TASK TO COMPLETE: Copy each line below in which the string "imports" occurs.
.....
(* Let $J$ be a finite-dimensional Jordan algebra over a field of characteristic different from $2$ such that every linear endomorphism of $J$ is a quasiderivation, i.e. $QDer(J)=End(J)$. Then either $J$ is a field or $J$ has zero multiplication.
   Context: A Jordan algebra is a commutative algebra satisfying $(x^2,y,x)=0$, where $(a,b,c)=(ab)c-a(bc)$. A linear map $f:J\to J$ is a quasiderivation if there exists a linear map $Q:J\to J$ with $Q(xy)=f(x)y+xf(y)$ for all $x,y\in J$; $QDer(J)$ is the set of quasiderivations and $End(J)$ the set of all linear endomorphisms of $J$. *)

theory Defs
  imports Complex_Main
begin

definition bilinear_mult :: "('k::field \<Rightarrow> 'v::ab_group_add \<Rightarrow> 'v) \<Rightarrow> ('v \<Rightarrow> 'v \<Rightarrow> 'v) \<Rightarrow> bool" where
  "bilinear_mult sc mu \<longleftrightarrow>
     (\<forall>x. Vector_Spaces.linear sc sc (\<lambda>y. mu x y)) \<and>
     (\<forall>y. Vector_Spaces.linear sc sc (\<lambda>x. mu x y))"

definition jordan_algebra :: "('k::field \<Rightarrow> 'v::ab_group_add \<Rightarrow> 'v) \<Rightarrow> ('v \<Rightarrow> 'v \<Rightarrow> 'v) \<Rightarrow> bool" where
  "jordan_algebra sc mu \<longleftrightarrow>
     vector_space sc \<and> bilinear_mult sc mu \<and>
     (\<forall>x y. mu x y = mu y x) \<and>
     (\<forall>x y. mu (mu (mu x x) y) x = mu (mu x x) (mu y x))"

definition finite_dim :: "('k::field \<Rightarrow> 'v::ab_group_add \<Rightarrow> 'v) \<Rightarrow> bool" where
  "finite_dim sc \<longleftrightarrow> (\<exists>B. finite B \<and> module.span sc B = UNIV)"

definition quasiderivation :: "('k::field \<Rightarrow> 'v::ab_group_add \<Rightarrow> 'v) \<Rightarrow> ('v \<Rightarrow> 'v \<Rightarrow> 'v) \<Rightarrow> ('v \<Rightarrow> 'v) \<Rightarrow> bool" where
  "quasiderivation sc mu f \<longleftrightarrow>
     Vector_Spaces.linear sc sc f \<and>
     (\<exists>Q. Vector_Spaces.linear sc sc Q \<and> (\<forall>x y. Q (mu x y) = mu (f x) y + mu x (f y)))"

definition is_field_alg :: "('v::ab_group_add \<Rightarrow> 'v \<Rightarrow> 'v) \<Rightarrow> bool" where
  "is_field_alg mu \<longleftrightarrow>
     (\<forall>x y z. mu (mu x y) z = mu x (mu y z)) \<and>
     (\<forall>x y. mu x y = mu y x) \<and>
     (\<exists>e. e \<noteq> 0 \<and> (\<forall>x. mu e x = x) \<and> (\<forall>x. x \<noteq> 0 \<longrightarrow> (\<exists>y. mu x y = e)))"

definition zero_mult :: "('v::ab_group_add \<Rightarrow> 'v \<Rightarrow> 'v) \<Rightarrow> bool" where
  "zero_mult mu \<longleftrightarrow> (\<forall>x y. mu x y = 0)"

end

theory Submission
  imports Defs
begin

(*
  For a linear functional phi and a vector w the rank-one
  map x |-> phi(x) w is then a quasiderivation, and its companion map Q satisfies
  Q(xy) = w (phi(x) y + phi(y) x).  Two consequences drive the proof:
  (1) a nonzero element annihilating J forces the multiplication to vanish;
  (2) hence, if the multiplication is nonzero, every linear relation among products
      xy carries over to the vectors phi(x) y + phi(y) x, for every functional phi.
  Choosing phi suitably on at most two independent vectors, (2) shows (for 2 <> 0)
  that J has no zero divisors and, using the power-associativity identity
  ((xx)x)x = (xx)(xx) of Jordan algebras, that every square xx is a multiple of x.
  This yields an idempotent e, and comparing (e+y)(e+y) with the squares of e and y
  shows that e spans J, so J is a field.
*)

lemma vector_space_field_self: "vector_space ((*) :: 'a::field \<Rightarrow> 'a \<Rightarrow> 'a)"
  by unfold_locales (simp_all add: algebra_simps)
lemma pos_invertible_one_of_small_gain:
  assumes z: "z \<in> interior K" and "\<eta> > 0" "small_gain_margin z \<eta>"
  shows "pos_invertible 1"
proof (rule pos_invertible_one_of_local_bound[OF z])
  have "norm (resolvent \<mu> z) \<le> 1 / \<eta>" if "1 \<le> \<mu>" "pos_invertible \<mu>" for \<mu>
    using norm_resolvent_le_of_small_gain[of z \<eta> \<mu>] z interior_subset assms(2,3) that
    by (auto simp: le_divide_eq mult.commute)
  then show "\<exists>\<epsilon>>0. \<exists>C. \<forall>\<mu>. m < \<mu> \<and> \<mu> < m + \<epsilon> \<longrightarrow> norm (resolvent \<mu> z) \<le> C"
    if "1 \<le> m" "\<forall>\<mu>>m. pos_invertible \<mu>" for m
    using that by (intro exI[of _ 1] conjI exI[of _ "1 / \<eta>"] allI impI) auto
qed

lemma interior_subinvariant_of_pos_invertible_one:
  assumes "pos_invertible 1"
  shows "\<exists>z\<in>interior K. z - T z \<in> interior K"
proof -
  obtain z where z: "z \<in> interior K" using solid by blast
  define w where "w = resolvent 1 z"
  have wz: "w - T w = z"
    using shift_resolvent[OF pos_invertibleD(1)[OF assms]] by (simp add: w_def shift_def)
  have "w \<in> K" using pos_invertibleD(2)[OF assms] z interior_subset by (auto simp: w_def)
  then have "z + T w \<in> interior K" using z by (intro interior_cone_add T_cone)
  moreover have "w = z + T w" using wz by (simp add: diff_eq_eq)
  ultimately show ?thesis using wz z by (intro bexI[of _ w]) simp_all
qed

lemma subeigen_of_interior_subinvariant:
  assumes z: "z \<in> interior K" and zT: "z - T z \<in> interior K"
  shows "\<exists>l. 0 < l \<and> l < 1 \<and> l *\<^sub>R z - T z \<in> K"
proof -
  obtain \<epsilon> where \<epsilon>: "\<epsilon> > 0" "\<And>t. \<bar>t\<bar> \<le> \<epsilon> \<Longrightarrow> (z - T z) + t *\<^sub>R (- z) \<in> interior K"
    using interior_perturb[OF zT] by blast
  define t where "t = min \<epsilon> (1/2)"
  have "(z - T z) + t *\<^sub>R (- z) \<in> K" using \<epsilon> interior_subset by (force simp: t_def)
  then have "(1 - t) *\<^sub>R z - T z \<in> K" by (simp add: algebra_simps)
  moreover have "0 < 1 - t" "1 - t < 1" using \<epsilon> by (auto simp: t_def)
  ultimately show ?thesis by blast
qed

lemma funpow_subeigen:
  assumes "z \<in> K" "0 \<le> l" "l *\<^sub>R z - T z \<in> K"
  shows "l ^ k *\<^sub>R z - (T ^^ k) z \<in> K"
proof (induction k)
  case 0 then show ?case by (simp add: cone_zero)
next
  case (Suc k)
  have "l ^ k *\<^sub>R (l *\<^sub>R z - T z) + T (l ^ k *\<^sub>R z - (T ^^ k) z) \<in> K"
    using assms Suc by (intro cone_add cone_scaleR T_cone) auto
  also have "l ^ k *\<^sub>R (l *\<^sub>R z - T z) + T (l ^ k *\<^sub>R z - (T ^^ k) z) = l ^ Suc k *\<^sub>R z - (T ^^ Suc k) z"
    by (simp add: T.diff T.scaleR algebra_simps)
  finally show ?case .
qed
(* Assume $f_1$ is $C^3$, $f_2$ is $C^2$, $\frac{D}{\gamma_2\lambda_Z(D)}>f_2'(\lambda_Z(D))$, and let $\mu_{c_2}>\mu_{c_1}(D,D)$ be a zero of $A$. Then there exist $\hat\delta>0$, a neighborhood $\Delta$ of $(D,D)$ and a constant $C$ such that the factor coefficient $\gamma(D_1,D_2)(\mu)$ is defined and differentiable in $\mu$ for $\mu\in[\mu_{c_2}-\hat\delta,\mu_{c_2}+\hat\delta]$, $(D_1,D_2)\in\Delta$, and $$\Bigl|\frac{\partial}{\partial\mu}\gamma(D_1,D_2)(\mu)-A'(\mu)\Bigr|\le C\,\|(D_1,D_2)-(D,D)\|$$ for all such $\mu$ and $(D_1,D_2)$, where $\|\cdot\|$ is the Euclidean norm.
   Context: Let $D,\gamma_1,\gamma_2>0$ and $f_1,f_2:[0,\infty)\to[0,\infty)$ bounded, continuously differentiable, $f_i(0)=0$, $f_i'>0$, with $\lim f_1>d/\gamma_1$, $\lim f_2>d/\gamma_2$ for all $d$ in a neighborhood of $D$. Consider the system $N'=(\mu-N)D-Pf_1(N)$, $P'=\gamma_1Pf_1(N)-D_1P-Zf_2(P)$, $Z'=\gamma_2Zf_2(P)-D_2Z$ with $D_1,D_2>0$. $\lambda_P(d),\lambda_Z(d)$ are defined by $f_1(\lambda_P(d))=d/\gamma_1$, $f_2(\lambda_Z(d))=d/\gamma_2$; $\mu_{c_1}(D_1,D_2)=\lambda_P(D_1)+D_1\lambda_Z(D_2)/(D\gamma_1)$. For $\mu>\mu_{c_1}(D_1,D_2)$, $N(\mu,D_1,D_2)$ is the unique $N\in(0,\mu)$ with $(\mu-N)D-\lambda_Z(D_2)f_1(N)=0$, $Z(\mu,D_1,D_2)=(\gamma_2/D_2)\lambda_Z(D_2)(\gamma_1f_1(N)-D_1)$, and $E_2(\mu,D_1,D_2)=(N,\lambda_Z(D_2),Z)$. For $D_1=D_2=D$ set $A(\mu)=Z(\mu,D,D)\bigl(\frac{D}{\gamma_2\lambda_Z(D)}-f_2'(\lambda_Z(D))\bigr)-\lambda_Z(D)f_1'(N(\mu,D,D))$. The characteristic polynomial $\det(J-xI)$ of the Jacobian $J$ of the system at $E_2(\mu,D_1,D_2)$ is $p_0+p_1x+p_2x^2-x^3$ with $p_i=p_i(\mu,D_1,D_2)$; for $(D_1,D_2)=(D,D)$ and $\mu$ near $\mu_{c_2}$ it equals $(-D-x)(\beta_0(\mu)-A(\mu)x+x^2)$ with $A(\mu)^2-4\beta_0(\mu)<0$. Let $M:(\alpha,\beta,\gamma)\mapsto(\alpha\beta,-\alpha\gamma-\beta,\alpha+\gamma)$ be the multiplication map sending $(\alpha-x,\ \beta-\gamma x+x^2)$ (with $\alpha<0$, $\gamma^2-4\beta<0$) to the coefficients of their product; it is a local diffeomorphism. For $(\mu,D_1,D_2)$ near $(\mu_{c_2},D,D)$ define $(\alpha(D_1,D_2)(\mu),\beta(D_1,D_2)(\mu),\gamma(D_1,D_2)(\mu))$ as the image of $(p_0,p_1,p_2)(\mu,D_1,D_2)$ under the local inverse of $M$ near $(-D,\beta_0(\mu_{c_2}),A(\mu_{c_2}))$; thus the characteristic polynomial factors as $(\alpha(D_1,D_2)(\mu)-x)(\beta(D_1,D_2)(\mu)-\gamma(D_1,D_2)(\mu)x+x^2)$ and $\gamma(D,D)(\mu)=A(\mu)$. *)

theory Defs
  imports "HOL-Analysis.Analysis"
begin

text \<open>lambda_P(d) = lam f1 g1 d, lambda_Z(d) = lam f2 g2 d:
  the (unique, f strictly increasing) l >= 0 with f l = d / g.\<close>
definition lam :: "(real \<Rightarrow> real) \<Rightarrow> real \<Rightarrow> real \<Rightarrow> real" where
  "lam f g d = (THE l. 0 \<le> l \<and> f l = d / g)"

definition muc1 :: "(real \<Rightarrow> real) \<Rightarrow> (real \<Rightarrow> real) \<Rightarrow> real \<Rightarrow> real \<Rightarrow> real \<Rightarrow> real \<Rightarrow> real \<Rightarrow> real" where
  "muc1 f1 f2 g1 g2 D D1 D2 = lam f1 g1 D1 + D1 * lam f2 g2 D2 / (D * g1)"

definition Neq :: "(real \<Rightarrow> real) \<Rightarrow> (real \<Rightarrow> real) \<Rightarrow> real \<Rightarrow> real \<Rightarrow> real \<Rightarrow> real \<Rightarrow> real \<Rightarrow> real \<Rightarrow> real" where
  "Neq f1 f2 g1 g2 D mu D1 D2 =
     (THE N. 0 < N \<and> N < mu \<and> (mu - N) * D - lam f2 g2 D2 * f1 N = 0)"

definition Zeq :: "(real \<Rightarrow> real) \<Rightarrow> (real \<Rightarrow> real) \<Rightarrow> real \<Rightarrow> real \<Rightarrow> real \<Rightarrow> real \<Rightarrow> real \<Rightarrow> real \<Rightarrow> real" where
  "Zeq f1 f2 g1 g2 D mu D1 D2 =
     (g2 / D2) * lam f2 g2 D2 * (g1 * f1 (Neq f1 f2 g1 g2 D mu D1 D2) - D1)"

definition E2 :: "(real \<Rightarrow> real) \<Rightarrow> (real \<Rightarrow> real) \<Rightarrow> real \<Rightarrow> real \<Rightarrow> real \<Rightarrow> real \<Rightarrow> real \<Rightarrow> real \<Rightarrow> real \<times> real \<times> real" where
  "E2 f1 f2 g1 g2 D mu D1 D2 =
     (Neq f1 f2 g1 g2 D mu D1 D2, lam f2 g2 D2, Zeq f1 f2 g1 g2 D mu D1 D2)"

text \<open>Jacobian of the vector field
  N' = (mu - N) D - P f1(N),
  P' = g1 P f1(N) - D1 P - Z f2(P),
  Z' = g2 Z f2(P) - D2 Z
  at the point (N,P,Z); f1d, f2d are the derivatives of f1, f2.\<close>
definition Jac :: "(real \<Rightarrow> real) \<Rightarrow> (real \<Rightarrow> real) \<Rightarrow> (real \<Rightarrow> real) \<Rightarrow> (real \<Rightarrow> real)
     \<Rightarrow> real \<Rightarrow> real \<Rightarrow> real \<Rightarrow> real \<Rightarrow> real \<Rightarrow> real \<times> real \<times> real \<Rightarrow> real^3^3" where
  "Jac f1 f1d f2 f2d g1 g2 D D1 D2 E = (case E of (N, P, Z) \<Rightarrow>
     vector [
       vector [- D - P * f1d N, - f1 N, 0],
       vector [g1 * P * f1d N, g1 * f1 N - D1 - Z * f2d P, - f2 P],
       vector [0, g2 * Z * f2d P, g2 * f2 P - D2]])"

definition charcoeffs :: "real^3^3 \<Rightarrow> real \<times> real \<times> real" where
  "charcoeffs J = (THE p. \<forall>x::real.
      det (J - x *\<^sub>R mat 1) = fst p + fst (snd p) * x + snd (snd p) * x ^ 2 - x ^ 3)"

definition multM :: "real \<times> real \<times> real \<Rightarrow> real \<times> real \<times> real" where
  "multM t = (case t of (a, b, c) \<Rightarrow> (a * b, - a * c - b, a + c))"

definition gamma_fac :: "real \<times> real \<times> real \<Rightarrow> real" where
  "gamma_fac p = (THE c. \<exists>a b. a < 0 \<and> c ^ 2 - 4 * b < 0 \<and> multM (a, b, c) = p)"

definition gam :: "(real \<Rightarrow> real) \<Rightarrow> (real \<Rightarrow> real) \<Rightarrow> (real \<Rightarrow> real) \<Rightarrow> (real \<Rightarrow> real)
     \<Rightarrow> real \<Rightarrow> real \<Rightarrow> real \<Rightarrow> real \<Rightarrow> real \<Rightarrow> real \<Rightarrow> real" where
  "gam f1 f1d f2 f2d g1 g2 D D1 D2 mu =
     gamma_fac (charcoeffs (Jac f1 f1d f2 f2d g1 g2 D D1 D2 (E2 f1 f2 g1 g2 D mu D1 D2)))"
.....
COMPLETED TASK:
  imports Complex_Main
  imports Defs
  imports "HOL-Analysis.Analysis"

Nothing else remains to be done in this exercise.